Treating of the Established Church of England, a writer in a London Hebdomadal observes: "The Church is one, or she is not at all; the Church has doctrines, or she has not. If she be not one but many, then she is a pretence; if she have not one homogenous doctrine or set of doctrines mutually dependent on each other, but several incompatible doctrines, then she is an imposture. National health demands that she should be honest and consistent above all things, for she is still perplexed queen of millions of consciences, and her example is fatal to national policy; for, if the spiritual guides err, why may not the flock follow? She is a State establishment, not in unison with the State authority; for, are there not Catholics, Nonconformists, Unitarians, and what not, in the Supreme Legislative Assembly of the realm? It is not fitting that the mixed secular assembly should take thought for the Church. She ought to have a court of her own. Her wide-spread, rankling discords are known, from the meanest hamlet up to the mighty metropolis. Why does she not set herself straight with the nation, or perish in the attempt? Why does she permit the charge to go unanswered, that her strongest bond is property? Perhaps she cannot answer it; perhaps she finds the State connection convenient, inasmuch as it secures the property; if it were not so, would she not sever her connection tomorrow? It is for the Church to show that this reproach is unjustly levelled at her, by asserting her independence; it is for the Church to show she is independent, by obtaining unity at all costs. If she cannot do this, still it remains our duty to urge it upon her; and if she fail to do it, still we are bound to insist upon her endurance of the consequences. And it is because there is a party in the Church anxious to assert her independence, thus making the bond something more than property, and willing to take the consequences, that we have supported that party. And on the same principle we give, and shall give, our support to whatever party may endeavour to infuse honesty into our national life, to promote out-speaking, and to make practice accord with profession."

The Established Church is not one, but "a fascicle of sects," and therefore "many," holding heterogeneous and incompatible doctrines. There are within the pale the Puseyite sect, the High Church sect, the Low Church sect, a Calvinistic creed, a Popish liturgy, and an Arminian clergy. These constitute an incompatible plurality, and therefore an ecclesiastical imposture that could not hold together for a day but for that love which endures all things for the sake of the loaves and fishes. None but the blind, having no share in these, could mistake such a system for the Church of Christ. The origin of the Church of England, the Satanic spirit by which she is energised, and its adulterous association with the State, whose orders are of the Hierarchies of Sin, all show that it is a harlot-daughter of the Roman Church.

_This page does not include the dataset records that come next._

(* Let $(b_n)$ be real numbers with $0 \le b_n < \ln n$, $b_n = (1 - o(1)) \ln n$, and $\ln n - b_n \to \infty$ as $n \to \infty$. Then there exists a sequence $\varepsilon_n \to 0$ such that for all sufficiently large $n$, \[ \mathbb{P}(F_n^- \le b_n) \le (\ln n)^{d-1} \exp\!\left[-\exp\!\left\{(1+\varepsilon_n)\tfrac12(\ln n - b_n)\right\}\right]. \]
   Context: Fix an integer $d \ge 1$. Let $X^{(1)}, X^{(2)}, \dots$ be i.i.d. random vectors in $\mathbb{R}^d$ with independent Exponential$(1)$ coordinates. For $x,y \in \mathbb{R}^d$ write $x \prec y$ if $x_j<y_j$ for all $j$, $x \le y$ if $x_j \le y_j$ for all $j$, and $x_+ := \sum_j x_j$. The record-setting region at time $n$ is $\mathrm{RS}_n := \{x \in \mathbb{R}^d : 0 \le x,\ x \not\prec X^{(i)} \text{ for all } 1 \le i \le n\}$, and its frontier $F_n$ is the topological boundary of $\mathrm{RS}_n$ relative to $[0,\infty)^d$. Define $F_n^- := \min\{x_+ : x \in F_n\}$. *)

theory Defs
  imports "HOL-Probability.Probability"
begin

definition strictly_below :: "real ^ 'd \<Rightarrow> real ^ 'd \<Rightarrow> bool" where
  "strictly_below x y \<longleftrightarrow> (\<forall>j. x $ j < y $ j)"

definition orthant :: "(real ^ 'd) set" where
  "orthant = {x. \<forall>j. 0 \<le> x $ j}"

definition RS :: "(nat \<Rightarrow> real ^ 'd) \<Rightarrow> nat \<Rightarrow> (real ^ 'd) set" where
  "RS Xs n = {x \<in> orthant. \<forall>i\<in>{1..n}. \<not> strictly_below x (Xs i)}"

definition frontierRS :: "(nat \<Rightarrow> real ^ 'd) \<Rightarrow> nat \<Rightarrow> (real ^ 'd) set" where
  "frontierRS Xs n = (subtopology euclidean orthant) frontier_of (RS Xs n)"

definition Fminus :: "(nat \<Rightarrow> real ^ 'd) \<Rightarrow> nat \<Rightarrow> real" where
  "Fminus Xs n = Inf ((\<lambda>x. \<Sum>j\<in>UNIV. x $ j) ` frontierRS Xs n)"

end

theory Submission
  imports Defs
begin

text \<open>
  Since RS_n is closed and upward closed, F_n^- \<le> b yields a point of RS_n with coordinate
  sum below b + h. Rounding it up to a grid of mesh h on the simplex {y \<ge> 0. y_+ = b + d h}
  gives a grid point that still lies in RS_n, and for a fixed y \<ge> 0 independence gives
  P(y \<in> RS_n) = (1 - exp (- y_+))^n. With h = (ln n - b) / (4 d) the grid has O((ln n)^(d-1))
  points, and the union bound (ln n)^(d-1) exp (- n exp (- b - d h)) is eventually below the
  claimed bound, already with \<epsilon>_n = 0.
\<close>

section \<open>The record-setting region\<close>

lemma RS_upward_closed:
  assumes "x \<in> RS Xs n" and "\<And>j. x $ j \<le> y $ j"
  shows "y \<in> RS Xs n"
proof -
  have "\<not> strictly_below y (Xs k)" if "k \<in> {1..n}" for k
  proof
    assume "strictly_below y (Xs k)"
    then have "strictly_below x (Xs k)"
      using assms(2) unfolding strictly_below_def by (meson le_less_trans)
    then show False using assms(1) that by (auto simp: RS_def)
  qed
  moreover have "y \<in> orthant"
    using assms by (auto simp: RS_def orthant_def intro: order_trans)
  ultimately show ?thesis by (simp add: RS_def)
qed

lemma closedin_RS:
  fixes Xs :: "nat \<Rightarrow> real ^ 'd"
  shows "closedin (subtopology euclidean orthant) (RS Xs n)"
proof -
  have "RS Xs n = orthant \<inter> (\<Inter>k\<in>{1..n}. \<Union>j. {x. Xs k $ j \<le> x $ j})"
    by (auto simp: RS_def strictly_below_def not_less)
  moreover have "closed (\<Inter>k\<in>{1..n}. \<Union>j. {x::real^'d. Xs k $ j \<le> x $ j})"
    by (intro closed_INT closed_Union ballI closed_Collect_le continuous_intros) auto
  ultimately show ?thesis by (simp add: closedin_closed_Int)
qed

lemma frontierRS_subset_RS: "frontierRS Xs n \<subseteq> RS Xs n"
  unfolding frontierRS_def by (rule frontier_of_subset_closedin[OF closedin_RS])

lemma RS_nonempty:
  fixes Xs :: "nat \<Rightarrow> real ^ 'd"
  shows "(\<chi> j. \<Sum>k\<in>{1..n}. \<bar>Xs k $ j\<bar>) \<in> RS Xs n"
proof -
  have "Xs k $ j \<le> (\<Sum>k\<in>{1..n}. \<bar>Xs k $ j\<bar>)" if "k \<in> {1..n}" for k j
  proof -
    have "\<bar>Xs k $ j\<bar> \<le> (\<Sum>k\<in>{1..n}. \<bar>Xs k $ j\<bar>)"
      using that by (intro member_le_sum) auto
    then show ?thesis by linarith
  qed
  then show ?thesis
    by (auto simp: RS_def orthant_def strictly_below_def not_less)
qed

lemma frontierRS_nonempty:
  fixes Xs :: "nat \<Rightarrow> real ^ 'd"
  assumes "k \<in> {1..n}" and "strictly_below 0 (Xs k)"
  shows "frontierRS Xs n \<noteq> {}"
proof -
  have "convex (orthant :: (real^'d) set)"
    unfolding orthant_def convex_def by (auto intro!: add_nonneg_nonneg mult_nonneg_nonneg)
  then have "connected_space (subtopology euclidean (orthant :: (real^'d) set))"
    by (intro connected_space_subtopology) (simp add: convex_connected)
  moreover have "RS Xs n \<subseteq> orthant"
    by (auto simp: RS_def)
  moreover have "0 \<in> orthant - RS Xs n"
    using assms by (auto simp: RS_def orthant_def)
  ultimately show ?thesis
    unfolding frontierRS_def using connected_space_frontier_eq_empty RS_nonempty
    by (metis DiffE empty_iff topspace_euclidean_subtopology)
qed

The Ecclesiastical Constitution of "Christendom" is well expressed in the scriptural phrase, "Babylon the Great, the Mother of Harlots, and of All the Abominations of the Earth." All point to Rome as "the Mother Church." Admitted. But, if she be the Mother, where are her Daughters? History tells the truth, and by its impartial records shows that by birth and character, the English and its sister Protestant churches, and their sectarian offshoots, are the harlot progeny of Rome. These are styles "Women," in Revelation 14: 4; and those who abstain from them, "Virgins undefiled" by them. Members of sectarian churches inhabit houses of ill-fame. They are apocalyptically "defiled with women;" so that, unless they separate themselves, and "wash in the name of the Lord Jesus," they can have no part with the 144,000 "who follow the Lamb whithersoever he goes."